I would assert that said statement is false. Many schools are adopting wi-fi in order to allow students to hand in homework faster, and increase the level of information available to the students. A notable example of this is the Murrieta Valley Unified School District. To quote a local news agency: "As part of a pilot project last year, two Earhart algebra classes used iPads instead of textbooks. In the iPad classes, 78 percent of students scored in the proficient or advanced ranges on last spring"s state test, compared to only 59 percent of their peers with the same two teachers using textbooks from the same publisher" [4]. This benefit, in combination with the lack of your asserted drawbacks means that cities should offer free public wi-fi.

1. http://battlelog.battlefield.com... (The information is derived from an anti-cheating program for video games called Punkbuster. A forum user displayed the results).
2. http://www.pcmag.com...
3. http://www.theverge.com...
4. http://www.pe.com...
Debate Round No. 1
clarkmcc

Con

"How so is it efficient?"

Type into Google search: "how to hack public network", and tell me how many results come up.
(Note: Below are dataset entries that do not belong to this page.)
(* Let $p$ be a positive integer, $L,E,\sigma>0$ with $L,E\in 2^{-p}\mathbb{Z}$, and $x\in\mathcal{A}_{p,E}$. If $y$ is drawn with probability mass function $f^{(\mathtt{CLap})}_{x,\sigma}$ on $\mathcal{B}_{p,L+E}$, then \[ \mathbb{E}(y)=x\cdot\frac{\sigma(1-e^{-L/\sigma})-e^{-L/\sigma}L}{\sigma(1-e^{-L/\sigma})+e^{-L/\sigma}E}-\frac{2^{-p}}{2}. \]
   Context: For $p\in\mathbb{Z}_{>0}$ and $B>0$, $2^{-p}\mathbb{Z}=\{a/2^p: a\in\mathbb{Z}\}$, $\mathcal{A}_{p,B}:=[-B,B]\cap 2^{-p}\mathbb{Z}$ and $\mathcal{B}_{p,B}:=\mathcal{A}_{p,B}\setminus\{B\}$. The truncated cumulative Laplace mechanism with parameters $L,E,\sigma>0$ maps $x\in\mathcal{A}_{p,E}$ to $y\in\mathcal{B}_{p,L+E}$ with probability $f^{(\mathtt{CLap})}_{x,\sigma}(y)=\frac{1}{\lambda^{(\mathtt{CLap})}_{L,E,\sigma}}\int_y^{y+2^{-p}}e^{-\min(|r-x|,L)/\sigma}dr$, where $\lambda^{(\mathtt{CLap})}_{L,E,\sigma}=\sum_{y\in\mathcal{B}_{p,L+E}}\int_y^{y+2^{-p}}e^{-\min(|r-x|,L)/\sigma}dr$ is the normalizing constant. *)

theory Defs
  imports "HOL-Analysis.Analysis"
begin

definition dyadic :: "nat \<Rightarrow> real \<Rightarrow> bool" where
  "dyadic p r \<longleftrightarrow> (\<exists>a::int. r = real_of_int a / 2 ^ p)"

definition gridA :: "nat \<Rightarrow> real \<Rightarrow> real set" where
  "gridA p B = {r. dyadic p r \<and> -B \<le> r \<and> r \<le> B}"

definition gridB :: "nat \<Rightarrow> real \<Rightarrow> real set" where
  "gridB p B = gridA p B - {B}"

definition clap_weight :: "nat \<Rightarrow> real \<Rightarrow> real \<Rightarrow> real \<Rightarrow> real \<Rightarrow> real" where
  "clap_weight p L \<sigma> x y =
     integral {y..y + 1 / 2 ^ p} (\<lambda>r. exp (- min \<bar>r - x\<bar> L / \<sigma>))"

definition clap_norm :: "nat \<Rightarrow> real \<Rightarrow> real \<Rightarrow> real \<Rightarrow> real \<Rightarrow> real" where
  "clap_norm p L E \<sigma> x = (\<Sum>y\<in>gridB p (L + E). clap_weight p L \<sigma> x y)"

definition clap_pmf :: "nat \<Rightarrow> real \<Rightarrow> real \<Rightarrow> real \<Rightarrow> real \<Rightarrow> real \<Rightarrow> real" where
  "clap_pmf p L E \<sigma> x y = clap_weight p L \<sigma> x y / clap_norm p L E \<sigma> x"

end

theory Submission imports Defs begin

text \<open>Write \<open>h = 2^{-p}\<close> and \<open>c = e^{-L/\<sigma>}\<close>, and split the truncated kernel as
  \<open>c + \<phi>(r - x)\<close>, where \<open>\<phi>(t) = e^{-min(|t|,L)/\<sigma>} - c\<close> is even, continuous and supported in
  \<open>[-L,L]\<close>. The constant part spreads mass \<open>c h\<close> uniformly over the \<open>2(L+E)/h\<close> grid points,
  contributing \<open>2c(L+E)\<close> to the normaliser and \<open>-c h (L+E)\<close> to the first moment. Since \<open>L\<close> and
  \<open>x\<close> lie on the grid, the integrals of \<open>\<phi>(\<cdot> - x)\<close> over the cells are the cell integrals of
  \<open>\<phi>\<close> shifted by \<open>x/h\<close>, all of \<open>\<phi>\<close>'s support stays inside the grid because \<open>|x| \<le> E\<close>, and
  evenness of \<open>\<phi>\<close> pairs the cell \<open>j\<close> with the cell \<open>-1-j\<close>. Hence these integrals add up to
  \<open>2 S\<close> with first moment \<open>(2x - h) S\<close>, where \<open>S = \<integral>\<^sub>0\<^sup>L \<phi> = \<sigma>(1-c) - cL\<close>.\<close>

lemma sum_of_int_symmetric_range:
  assumes "0 \<le> N"
  shows "(\<Sum>k\<in>{-N..<N}. real_of_int k) = - real_of_int N"
  using assms
proof (induction N rule: int_ge_induct)
  case (step N)
  have "{-(N+1)..<N+1} = insert (-(N+1)) (insert N {-N..<N})"
    using step by auto
  then show ?case using step by simp
qed simp

lemma sum_int_shift:
  fixes H :: "int \<Rightarrow> 'a::comm_monoid_add"
  shows "(\<Sum>k\<in>{a..<b}. H (k - m)) = (\<Sum>j\<in>{a-m..<b-m}. H j)"
  by (rule sum.reindex_bij_witness[where i="\<lambda>j. j + m" and j="\<lambda>k. k - m"]) auto

lemma sum_reflection_symmetric:
  fixes F :: "int \<Rightarrow> real"
  assumes refl: "\<And>j. F (-1-j) = F j" and supp: "\<And>j. j \<ge> M \<or> j < -M \<Longrightarrow> F j = 0"
    and "A \<le> -M" "M \<le> B" "0 \<le> M"
  shows "(\<Sum>j\<in>{A..<B}. F j) = 2 * (\<Sum>j\<in>{0..<M}. F j)"
    and "(\<Sum>j\<in>{A..<B}. real_of_int j * F j) = - (\<Sum>j\<in>{0..<M}. F j)"
proof -
  have sub: "{-M..<M} \<subseteq> {A..<B}" using assms(3,4) by auto
  have split: "{-M..<M} = {-M..<0} \<union> {0..<M}" using assms(5) by auto
  have reflect: "(\<Sum>j\<in>{-M..<0}. G j) = (\<Sum>j\<in>{0..<M}. G (-1-j))" for G :: "int \<Rightarrow> real"
    by (rule sum.reindex_bij_witness[where i="\<lambda>j. -1-j" and j="\<lambda>j. -1-j"]) auto
  have restrict: "(\<Sum>j\<in>{A..<B}. G j) = (\<Sum>j\<in>{-M..<M}. G j)"
    if "\<And>j. F j = 0 \<Longrightarrow> G j = 0" for G :: "int \<Rightarrow> real"
    by (rule sum.mono_neutral_right[OF _ sub]) (use supp that in force)+
  have "(\<Sum>j\<in>{A..<B}. F j) = (\<Sum>j\<in>{-M..<M}. F j)" by (rule restrict)
  also have "\<dots> = (\<Sum>j\<in>{-M..<0}. F j) + (\<Sum>j\<in>{0..<M}. F j)"
    unfolding split by (rule sum.union_disjoint) auto
  finally show "(\<Sum>j\<in>{A..<B}. F j) = 2 * (\<Sum>j\<in>{0..<M}. F j)"
    using reflect[of F] refl by simp
  have "(\<Sum>j\<in>{A..<B}. real_of_int j * F j) = (\<Sum>j\<in>{-M..<M}. real_of_int j * F j)"
    by (rule restrict) simp
  also have "\<dots> = (\<Sum>j\<in>{-M..<0}. real_of_int j * F j) + (\<Sum>j\<in>{0..<M}. real_of_int j * F j)"
    unfolding split by (rule sum.union_disjoint) auto
  also have "\<dots> = (\<Sum>j\<in>{0..<M}. real_of_int (-1-j) * F j + real_of_int j * F j)"
    using reflect[of "\<lambda>j. real_of_int j * F j"] refl by (simp add: sum.distrib)
  finally show "(\<Sum>j\<in>{A..<B}. real_of_int j * F j) = - (\<Sum>j\<in>{0..<M}. F j)"
    by (simp add: algebra_simps sum_negf)
qed

lemma sum_shifted_reflection_symmetric:
  fixes F :: "int \<Rightarrow> real"
  assumes refl: "\<And>j. F (-1-j) = F j" and supp: "\<And>j. j \<ge> M \<or> j < -M \<Longrightarrow> F j = 0"
    and "0 \<le> M" "M + \<bar>m\<bar> \<le> N"
  shows "(\<Sum>k\<in>{-N..<N}. F (k - m)) = 2 * (\<Sum>j\<in>{0..<M}. F j)"
    and "(\<Sum>k\<in>{-N..<N}. real_of_int k * F (k - m))
           = (2 * real_of_int m - 1) * (\<Sum>j\<in>{0..<M}. F j)"
proof -
  have bounds: "-N-m \<le> -M" "M \<le> N-m" using assms(4) by auto
  note sums = sum_reflection_symmetric[of F M "-N-m" "N-m", OF refl supp bounds \<open>0 \<le> M\<close>]
  show "(\<Sum>k\<in>{-N..<N}. F (k - m)) = 2 * (\<Sum>j\<in>{0..<M}. F j)"
    using sums(1) by (simp add: sum_int_shift)
  have "(\<Sum>k\<in>{-N..<N}. real_of_int k * F (k - m))
      = (\<Sum>j\<in>{-N-m..<N-m}. real_of_int j * F j + real_of_int m * F j)"
    using sum_int_shift[where H="\<lambda>j. real_of_int (j + m) * F j" and a="-N" and b=N and m=m]
    by (simp add: algebra_simps)
  then show "(\<Sum>k\<in>{-N..<N}. real_of_int k * F (k - m))
      = (2 * real_of_int m - 1) * (\<Sum>j\<in>{0..<M}. F j)"
    using sums by (simp add: sum.distrib flip: sum_distrib_left) (simp add: algebra_simps)
qed

definition cell_integral :: "real \<Rightarrow> (real \<Rightarrow> real) \<Rightarrow> int \<Rightarrow> real" where
  "cell_integral h f j = integral {real_of_int j * h .. real_of_int j * h + h} f"

lemma sum_cell_integral:
  assumes cont: "continuous_on UNIV f" and "h > 0" and "a \<le> b"
  shows "(\<Sum>k\<in>{a..<b}. cell_integral h f k) = integral {real_of_int a * h .. real_of_int b * h} f"
  using \<open>a \<le> b\<close>
proof (induction b rule: int_ge_induct)
  case (step i)
  have "{a..<i+1} = insert i {a..<i}" using step by auto
  then have "(\<Sum>k\<in>{a..<i+1}. cell_integral h f k)
      = integral {real_of_int a * h .. real_of_int i * h} f
        + integral {real_of_int i * h .. real_of_int (i+1) * h} f"
    using step by (simp add: cell_integral_def algebra_simps)
  also have "\<dots> = integral {real_of_int a * h .. real_of_int (i+1) * h} f"
    using step \<open>h > 0\<close>
    by (intro Henstock_Kurzweil_Integration.integral_combine integrable_continuous_interval
        continuous_on_subset[OF cont]) (auto intro!: mult_right_mono)
  finally show ?case .
qed simp

lemma cell_integral_reflect:
  assumes even: "\<And>t. f (-t) = f t"
  shows "cell_integral h f (-1-j) = cell_integral h f j"
proof -
  have "integral {- (real_of_int j * h + h) .. - (real_of_int j * h)} (\<lambda>t. f (-t))
      = cell_integral h f j"
    unfolding cell_integral_def by (rule Henstock_Kurzweil_Integration.integral_reflect_real)
  then show ?thesis
    unfolding cell_integral_def even by (simp add: algebra_simps)
qed

lemma cell_integral_outside_support:
  assumes "h > 0" and supp: "\<And>t. \<bar>t\<bar> \<ge> real_of_int M * h \<Longrightarrow> f t = 0"
    and "j \<ge> M \<or> j < -M"
  shows "cell_integral h f j = 0"
proof -
  have "f t = 0" if t: "t \<in> {real_of_int j * h .. real_of_int j * h + h}" for t
  proof (rule supp)
    from \<open>j \<ge> M \<or> j < -M\<close> consider "M \<le> j" | "j + 1 \<le> -M" by linarith
    then show "\<bar>t\<bar> \<ge> real_of_int M * h"
    proof cases
      case 1
      then have "real_of_int M * h \<le> real_of_int j * h" using \<open>h > 0\<close> by simp
      then show ?thesis using t by auto
    next
      case 2
      then have "real_of_int (j + 1) * h \<le> real_of_int (-M) * h" using \<open>h > 0\<close>
        by (intro mult_right_mono) auto
      then show ?thesis using t by (auto simp: algebra_simps)
    qed
  qed
  then have "cell_integral h f j = integral {real_of_int j * h .. real_of_int j * h + h} (\<lambda>_. 0)"
    unfolding cell_integral_def by (rule integral_cong)
  then show ?thesis by simp
qed

definition lap_excess :: "real \<Rightarrow> real \<Rightarrow> real \<Rightarrow> real" where
  "lap_excess L \<sigma> t = exp (- min \<bar>t\<bar> L / \<sigma>) - exp (- L / \<sigma>)"

lemma continuous_on_lap_excess: "continuous_on A (lap_excess L \<sigma>)"
  unfolding lap_excess_def divide_inverse by (intro continuous_intros)

lemma lap_excess_minus: "lap_excess L \<sigma> (-t) = lap_excess L \<sigma> t"
  unfolding lap_excess_def by simp

lemma lap_excess_eq_0: "\<bar>t\<bar> \<ge> L \<Longrightarrow> lap_excess L \<sigma> t = 0"
  unfolding lap_excess_def by (simp add: min_def)

lemma integral_lap_excess:
  assumes "0 \<le> L" and "\<sigma> \<noteq> 0"
  shows "integral {0..L} (lap_excess L \<sigma>) = \<sigma> * (1 - exp (- L / \<sigma>)) - L * exp (- L / \<sigma>)"
proof -
  let ?c = "exp (- L / \<sigma>)"
  let ?F = "\<lambda>t. - \<sigma> * exp (- t / \<sigma>) - ?c * t"
  have "((\<lambda>t. exp (- t / \<sigma>) - ?c) has_integral (?F L - ?F 0)) {0..L}"
  proof (rule fundamental_theorem_of_calculus)
    fix t assume "t \<in> {0..L}"
    show "(?F has_vector_derivative (exp (- t / \<sigma>) - ?c)) (at t within {0..L})"
      unfolding has_real_derivative_iff_has_vector_derivative[symmetric]
      using \<open>\<sigma> \<noteq> 0\<close> by (auto intro!: derivative_eq_intros)
  qed (use \<open>0 \<le> L\<close> in simp)
  moreover have "integral {0..L} (lap_excess L \<sigma>) = integral {0..L} (\<lambda>t. exp (- t / \<sigma>) - ?c)"
    by (intro integral_cong) (auto simp: lap_excess_def min_def)
  ultimately show ?thesis
    using \<open>\<sigma> \<noteq> 0\<close> by (simp add: integral_unique algebra_simps)
qed

lemma sums_cell_integral_lap_excess:
  assumes "h > 0" and L: "L = real_of_int M * h" and "0 \<le> M" "M + \<bar>m\<bar> \<le> N"
  shows "(\<Sum>k\<in>{-N..<N}. cell_integral h (lap_excess L \<sigma>) (k - m))
           = 2 * integral {0..L} (lap_excess L \<sigma>)"
    and "(\<Sum>k\<in>{-N..<N}. real_of_int k * cell_integral h (lap_excess L \<sigma>) (k - m))
           = (2 * real_of_int m - 1) * integral {0..L} (lap_excess L \<sigma>)"
proof -
  let ?I = "cell_integral h (lap_excess L \<sigma>)"
  have refl: "?I (-1-j) = ?I j" for j
    by (rule cell_integral_reflect) (rule lap_excess_minus)
  have supp: "?I j = 0" if "j \<ge> M \<or> j < -M" for j
    using cell_integral_outside_support[OF \<open>h > 0\<close> _ that] lap_excess_eq_0 L by blast
  have half: "(\<Sum>j\<in>{0..<M}. ?I j) = integral {0..L} (lap_excess L \<sigma>)"
    using sum_cell_integral[OF continuous_on_lap_excess \<open>h > 0\<close> \<open>0 \<le> M\<close>] L by simp
  show "(\<Sum>k\<in>{-N..<N}. ?I (k - m)) = 2 * integral {0..L} (lap_excess L \<sigma>)"
    and "(\<Sum>k\<in>{-N..<N}. real_of_int k * ?I (k - m))
           = (2 * real_of_int m - 1) * integral {0..L} (lap_excess L \<sigma>)"
    using sum_shifted_reflection_symmetric[where F="?I", OF refl supp assms(3,4)]
    unfolding half by simp_all
qed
Check this out:
http://www.livescience.com...

Public network hacking is becoming easier by the second, plug-ins that sit in your browser and retrieve passwords from any cookie it can find.

"That is a false statement, as the user will still have to pay for the data (voice or text)."
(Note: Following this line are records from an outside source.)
text \<open>Joint distributions on Y x X for which D(TV||PW) is finite
  (all others have D = +infinity and do not affect the minimum).\<close>
definition joint_dists :: "('x::finite \<Rightarrow> real) \<Rightarrow> ('x \<Rightarrow> 'y::finite \<Rightarrow> real) \<Rightarrow> ('y \<Rightarrow> 'x \<Rightarrow> real) set" where
  "joint_dists P W = {Q. (\<forall>y x. 0 \<le> Q y x) \<and> (\<Sum>y\<in>UNIV. \<Sum>x\<in>UNIV. Q y x) = 1
                        \<and> (\<forall>y x. 0 < Q y x \<longrightarrow> 0 < P x * W x y)}"

definition margT :: "('y \<Rightarrow> 'x::finite \<Rightarrow> real) \<Rightarrow> 'y \<Rightarrow> real" where
  "margT Q y = (\<Sum>x\<in>UNIV. Q y x)"

definition condV :: "('y \<Rightarrow> 'x::finite \<Rightarrow> real) \<Rightarrow> 'y \<Rightarrow> 'x \<Rightarrow> real" where
  "condV Q y x = Q y x / margT Q y"

text \<open>Terms with Q y x = 0 vanish (convention 0 log 0 = 0).\<close>
definition divKL :: "('y::finite \<Rightarrow> 'x::finite \<Rightarrow> real) \<Rightarrow> ('x \<Rightarrow> real) \<Rightarrow> ('x \<Rightarrow> 'y \<Rightarrow> real) \<Rightarrow> real" where
  "divKL Q P W = (\<Sum>y\<in>UNIV. \<Sum>x\<in>UNIV. Q y x * ln (Q y x / (P x * W x y)))"

definition A_TV :: "('y::finite \<Rightarrow> 'x::finite \<Rightarrow> real) \<Rightarrow> ('x \<Rightarrow> real) \<Rightarrow> real" where
  "A_TV Q P = (\<Sum>y\<in>UNIV. \<Sum>x\<in>UNIV. Q y x * ln (condV Q y x / P x))"

definition B_TV :: "('y::finite \<Rightarrow> 'x::finite \<Rightarrow> real) \<Rightarrow> ('x \<Rightarrow> 'y \<Rightarrow> real) \<Rightarrow> real" where
  "B_TV Q W = (\<Sum>y\<in>UNIV. \<Sum>x\<in>UNIV. Q y x * (- ln (W x y)))"

definition E_e :: "('x::finite \<Rightarrow> 'y::finite \<Rightarrow> real) \<Rightarrow> ('x \<Rightarrow> real) \<Rightarrow> real \<Rightarrow> real \<Rightarrow> real" where
  "E_e W P R K = (INF Q\<in>joint_dists P W.
      divKL Q P W + posp (A_TV Q P - R + posp (B_TV Q W - K)))"

definition E_0 :: "('x::finite \<Rightarrow> 'y::finite \<Rightarrow> real) \<Rightarrow> real \<Rightarrow> real \<Rightarrow> ('x \<Rightarrow> real) \<Rightarrow> real" where
  "E_0 W \<rho> \<eta> P = - ln (\<Sum>y\<in>UNIV.
      (\<Sum>x\<in>UNIV. P x * W x y powr ((1 + \<eta>) / (1 + \<rho>))) powr (1 + \<rho>))"

end

theory Submission
  imports Defs
begin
Not so. Apparently you do not have an iPod or similar device. I have an app that gives a phone number and you can text for free from a Wi-Fi network, no charge. It seems your response was without evidence.

"I would assert that said statement is false. Many schools are adopting wi-fi in order to allow students to hand in homework faster..."

Keep in mind that this debate is titled, and I quote, "Should Cities Offer Free Public Wi-Fi?". Schools all over permit electronic devices and have Wi-Fi networks, but Wi-Fi hotpots that run an entire cities is a different story.

I would like to point out that the majority of your sources are forums which include peoples opinion.

Fantastic debate, look forward to the finish!
themohawkninja

Pro

"Public network hacking is becoming easier by the second, plug-ins that sit in your browser and retrieve passwords from any cookie it can find."

That plug-in you cited was designed for the purpose of improving Internet security. Secondly, you have yet to refute my statement that such assertions that the threat of hacking is a negligible one due to the fact that less than one half of one hundredth of one percent of the population of the country with the highest per capita rate of hackers are in-fact hackers.

"Not so. Apparently you do not have an iPod or similar device. I have an app that gives a phone number and you can text for free from a Wi-Fi network, no charge. It seems your response was without evidence."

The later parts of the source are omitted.